Every Valentine’s Day, the Animal Liberation Orchestra tries to land at SOhO Restaurant & Music Club for the central date of its Tour D’Amour, a “love themed tour” that the band embarks on every year during the month of February. Tonight, the quartet will do just the same for its fourteenth Tour D’Amour, performing a setlist that mixes its back catalogue with songs from its latest release, the four-song EP “Creatures Vol. 2: Fire.” Be it numbers from its latest recording or songs from earlier in the band’s 22-year history, bass player Steve Adams told the News-Press that his group’s songbook is “probably all love songs in one way or another.”
“I think most of our songs come from a place of love and trying to understand the world and ourselves,” he said.

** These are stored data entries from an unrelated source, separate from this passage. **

definition mean_sampler :: "(real ^ 'n) set \<Rightarrow> ('n, real ^ 'n) gtree \<Rightarrow> bool" where
  "mean_sampler P t \<longleftrightarrow> wf_gtree t \<and> (\<forall>p\<in>P. p \<in> unit_cube \<and> (\<exists>S D. output_dist t p S D \<and>
      (\<forall>u\<in>S. D u \<noteq> 0 \<longrightarrow> u \<in> P) \<and> (\<Sum>u\<in>S. D u *\<^sub>R u) = p))"

lemma unit_cube_eq_cbox: "(unit_cube :: (real ^ 'n) set) = cbox 0 1"
  by (auto simp: unit_cube_def mem_box_cart)

lemma convex_unit_cube: "convex (unit_cube :: (real ^ 'n) set)"
  unfolding unit_cube_eq_cbox by (rule convex_box)

lemma mean_sampler_unit_cube: "\<exists>t. mean_sampler (unit_cube :: (real ^ 'n) set) t"
proof -
  obtain xs :: "'n list" where xs: "set xs = UNIV" "distinct xs"
    using finite_distinct_list[of "UNIV :: 'n set"] by auto
  have "\<exists>S D. output_dist (cube_tree xs 0) p S D \<and> (\<forall>u\<in>S. D u \<noteq> 0 \<longrightarrow> u \<in> unit_cube)
      \<and> (\<Sum>u\<in>S. D u *\<^sub>R u) = p" if p: "p \<in> unit_cube" for p
  proof -
    obtain S D where r: "output_dist (cube_tree xs 0) p S D"
      and mean: "(\<Sum>a\<in>S. D a *\<^sub>R a) = (\<chi> j. if j \<in> set xs then p $ j else (0::real^'n) $ j)"
      and vertex: "\<forall>a\<in>S. D a \<noteq> 0 \<longrightarrow> (\<forall>j\<in>set xs. a $ j = 0 \<or> a $ j = 1)"
      using output_dist_cube_tree[OF p xs(2), of 0] by blast
    have "u \<in> unit_cube" if "u \<in> S" "D u \<noteq> 0" for u
    proof -
      have "u $ j = 0 \<or> u $ j = 1" for j using vertex that xs(1) by blast
      then have "0 \<le> u $ j \<and> u $ j \<le> 1" for j by (metis order_refl zero_le_one)
      then show ?thesis unfolding unit_cube_def by blast
    qed
    moreover have "(\<Sum>a\<in>S. D a *\<^sub>R a) = p" using mean xs(1) by (simp add: vec_eq_iff)
    ultimately show ?thesis using r by blast
  qed
  then show ?thesis
    unfolding mean_sampler_def using wf_gtree_cube_tree by blast
qed

text \<open>The point of the segment from u1 to u2 at which an affine function l vanishes.\<close>

definition crossing :: "('v \<Rightarrow> real) \<Rightarrow> 'v \<Rightarrow> 'v \<Rightarrow> 'v :: real_vector" where
  "crossing l u1 u2 = (1 / (l u1 - l u2)) *\<^sub>R ((- l u2) *\<^sub>R u1 + l u1 *\<^sub>R u2)"

definition accept_prob :: "('v \<Rightarrow> real) \<Rightarrow> real \<Rightarrow> 'v \<Rightarrow> 'v \<Rightarrow> real" where
  "accept_prob l C u1 u2 = (if 0 < l u1 \<and> l u2 < 0 then (l u1 - l u2) / C else 0)"

lemma crossing_convex_combination:
  "crossing l u1 u2 = (- l u2 / (l u1 - l u2)) *\<^sub>R u1 + (l u1 / (l u1 - l u2)) *\<^sub>R u2"
  by (simp add: crossing_def scaleR_add_right scaleR_diff_right)

lemma crossing_in_convex:
  assumes "convex P" "u1 \<in> P" "u2 \<in> P" "0 < l u1" "l u2 < 0"
  shows "crossing l u1 u2 \<in> P"
  unfolding crossing_convex_combination
proof (rule convexD[OF assms(1-3)])
  show "0 \<le> - l u2 / (l u1 - l u2)" "0 \<le> l u1 / (l u1 - l u2)"
    using assms(4,5) by (simp_all add: divide_nonpos_pos)
  show "- l u2 / (l u1 - l u2) + l u1 / (l u1 - l u2) = 1"
    using assms(4,5) by (simp add: divide_simps)
qed

lemma inner_crossing:
  fixes a :: "'v :: real_inner"
  assumes "a \<bullet> u1 \<noteq> a \<bullet> u2"
  shows "a \<bullet> crossing (\<lambda>x. a \<bullet> x - \<beta>) u1 u2 = \<beta>"
proof -
  have "a \<bullet> u1 - \<beta> - (a \<bullet> u2 - \<beta>) \<noteq> 0" using assms by simp
  then show ?thesis
    by (simp add: crossing_def inner_add_right divide_simps) (simp add: algebra_simps)
qed

lemma sum_sum_if_filter:
  fixes F :: "'a \<Rightarrow> 'a \<Rightarrow> 'b :: comm_monoid_add"
  assumes "finite S"
  shows "(\<Sum>u1\<in>S. \<Sum>u2\<in>S. if P u1 \<and> Q u2 then F u1 u2 else 0)
       = (\<Sum>u1\<in>{u\<in>S. P u}. \<Sum>u2\<in>{u\<in>S. Q u}. F u1 u2)"
proof -
  have "(\<Sum>u1\<in>S. \<Sum>u2\<in>S. if P u1 \<and> Q u2 then F u1 u2 else 0)
      = (\<Sum>u1\<in>S. if P u1 then (\<Sum>u2\<in>S. if Q u2 then F u1 u2 else 0) else 0)"
    by (rule sum.cong) auto
  then show ?thesis
    using assms by (simp add: sum.inter_filter)
qed

lemma sum_split_sign:
  fixes f :: "'a \<Rightarrow> 'b :: comm_monoid_add" and l :: "'a \<Rightarrow> real"
  assumes "finite S"
  shows "(\<Sum>u\<in>S. f u) = (\<Sum>u\<in>{u\<in>S. 0 < l u}. f u) + (\<Sum>u\<in>{u\<in>S. l u < 0}. f u)
                        + (\<Sum>u\<in>{u\<in>S. l u = 0}. f u)"
proof -
  have "(\<Sum>u\<in>S. f u) = (\<Sum>u\<in>S. (if 0 < l u then f u else 0) + (if l u < 0 then f u else 0)
                                  + (if l u = 0 then f u else 0))"
    by (rule sum.cong) auto
  then show ?thesis
    using assms by (simp add: sum.distrib sum.inter_filter)
qed

lemma sum_nonzero_split_sign:
  fixes f :: "'a \<Rightarrow> 'b :: comm_monoid_add" and l :: "'a \<Rightarrow> real"
  assumes "finite S"
  shows "(\<Sum>u\<in>{u\<in>S. l u \<noteq> 0}. f u) = (\<Sum>u\<in>{u\<in>S. 0 < l u}. f u) + (\<Sum>u\<in>{u\<in>S. l u < 0}. f u)"
proof -
  have "{u\<in>S. l u \<noteq> 0} = {u\<in>S. 0 < l u} \<union> {u\<in>S. l u < 0}" by auto
  also have "sum f \<dots> = (\<Sum>u\<in>{u\<in>S. 0 < l u}. f u) + (\<Sum>u\<in>{u\<in>S. l u < 0}. f u)"
    by (rule sum.union_disjoint) (use assms in auto)
  finally show ?thesis .
qed

lemma sum_neg_part_eq_pos_part:
  fixes D l :: "'a \<Rightarrow> real"
  assumes "finite S" "(\<Sum>u\<in>S. D u * l u) = 0"
  shows "(\<Sum>u\<in>{u\<in>S. l u < 0}. D u * - l u) = (\<Sum>u\<in>{u\<in>S. 0 < l u}. D u * l u)"
  using assms sum_split_sign[OF assms(1), of "\<lambda>u. D u * l u" l] by (simp add: sum_negf)

lemma sum_pos_part_pos:
  fixes D l :: "'a \<Rightarrow> real"
  assumes "finite S" "\<And>u. 0 \<le> D u" "(\<Sum>u\<in>S. D u * l u) = 0"
    and "u \<in> S" "D u \<noteq> 0" "l u \<noteq> 0"
  shows "0 < (\<Sum>u\<in>{u\<in>S. 0 < l u}. D u * l u)"
proof (cases "0 < l u")
  case True
  then have "D u * l u \<le> (\<Sum>u\<in>{u\<in>S. 0 < l u}. D u * l u)"
    using assms by (intro member_le_sum[where f="\<lambda>u. D u * l u"]) auto
  moreover have "0 < D u * l u" using True assms(2)[of u] assms(5) by simp
  ultimately show ?thesis by linarith
next
  case False
  then have "D u * - l u \<le> (\<Sum>u\<in>{u\<in>S. l u < 0}. D u * - l u)"
    using assms by (intro member_le_sum[where f="\<lambda>u. D u * - l u"]) (auto intro!: mult_nonneg_nonpos)
  moreover have "0 < D u * - l u"
    using False assms(2)[of u] assms(5,6) by (intro mult_pos_pos) auto
  ultimately show ?thesis using sum_neg_part_eq_pos_part[OF assms(1,3)] by linarith
qed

Among the many subjects the band has written about from this place of love is music itself. One of Mr. Adams’ favorite ALO songs to perform live is “I Love Music,” a track that the band recorded with singer-songwriter Jack Johnson, who graduated from UCSB in the same class as Mr. Adams, keyboardist Zach Gill, and guitarist Dan “Lebo” Lebowitz. As three-fourths of the band’s lineup attended college in Santa Barbara and Mr. Gill currently resides in Goleta, Mr. Adams said the today’s gig is something of a “homecoming” for ALO.
This Tour D’Amour will be the third to feature current ALO drummer Ezra Lipp, who replaced the band’s longtime drummer Dave Brogan in 2018. With the exception of Mr. Lipp, ALO’s members have known each other since they were junior high school kids in the Bay Area. There, they played in a band throughout their teenage years and decided to continue their group at college when they all got into UCSB, going by the band name Django for most of their years at the university.
In one of the other dormitories on the college campus, there lived the members of another band called Soil, which included future singer-songwriter superstar Jack Johnson. Though it wasn’t something Mr. Adams and his bandmates requested, their dorm mates pitted Django against Soil, and Mr. Johnson’s dorm mates pitted Soil against Django. When the two bands finally met however, the future ALO members and Mr. Johnson hit it off, starting a frienship that would become rekindled after they all graduated school in 1998. To this day, Mr. Gill also plays keys in Mr. Johnson’s backing band and each ALO album since 2006’s “Fly Between Falls” has been released on Mr. Johnson’s record label, Brushfire Records.
During Mr. Adams’ last year at UCSB, he and his bandmates made one major change to the band by changing the name from Django to Animal Liberation Orchestra. As the bassist recalled, he, Mr. Gill, and Mr. Lebowitz were all students in UCSB’s music department and played in various orchestras so they decided to give their group a name that was akin to that of one of their school ensemble’s, but with a bit of college-aged playfulness.
“We just thought it would be fun to have a quirky version of that,” he said.
He added that a band’s name especially sounds funny when that group is just starting out.
“I’m sure if you said ‘The Beatles’ to someone before The Beatles were famous, they’d think, ‘Oh, that’s kind of a funny name,’” he said.
Though ALO has played most of the songs from “Creatures Vol. 2: Fire” like “Ridin’” and “Baby Blind Spot” in a live setting, Mr. Adams remarked that as of his conversation with the News-Press the band had not yet performed the song “Fish Eye Lens.” Though he couldn’t say for sure, he expects the song may get unveiled to the Santa Barbara audience tonight. After hearing these new tunes mixed in with songs they’ve accumulated over the past two decades, Mr. Adams hopes their long-time fans leave the show with fond, nostalgic feelings.
Tickets for ALO’s gig at SOhO tonight cost $30 and can be purchased online at www.sohosb.com. The show starts at 9 p.m. and doors to the venue open at 7 p.m. SOhO Restaurant & Music Club is located at 1221 State St Ste. 205.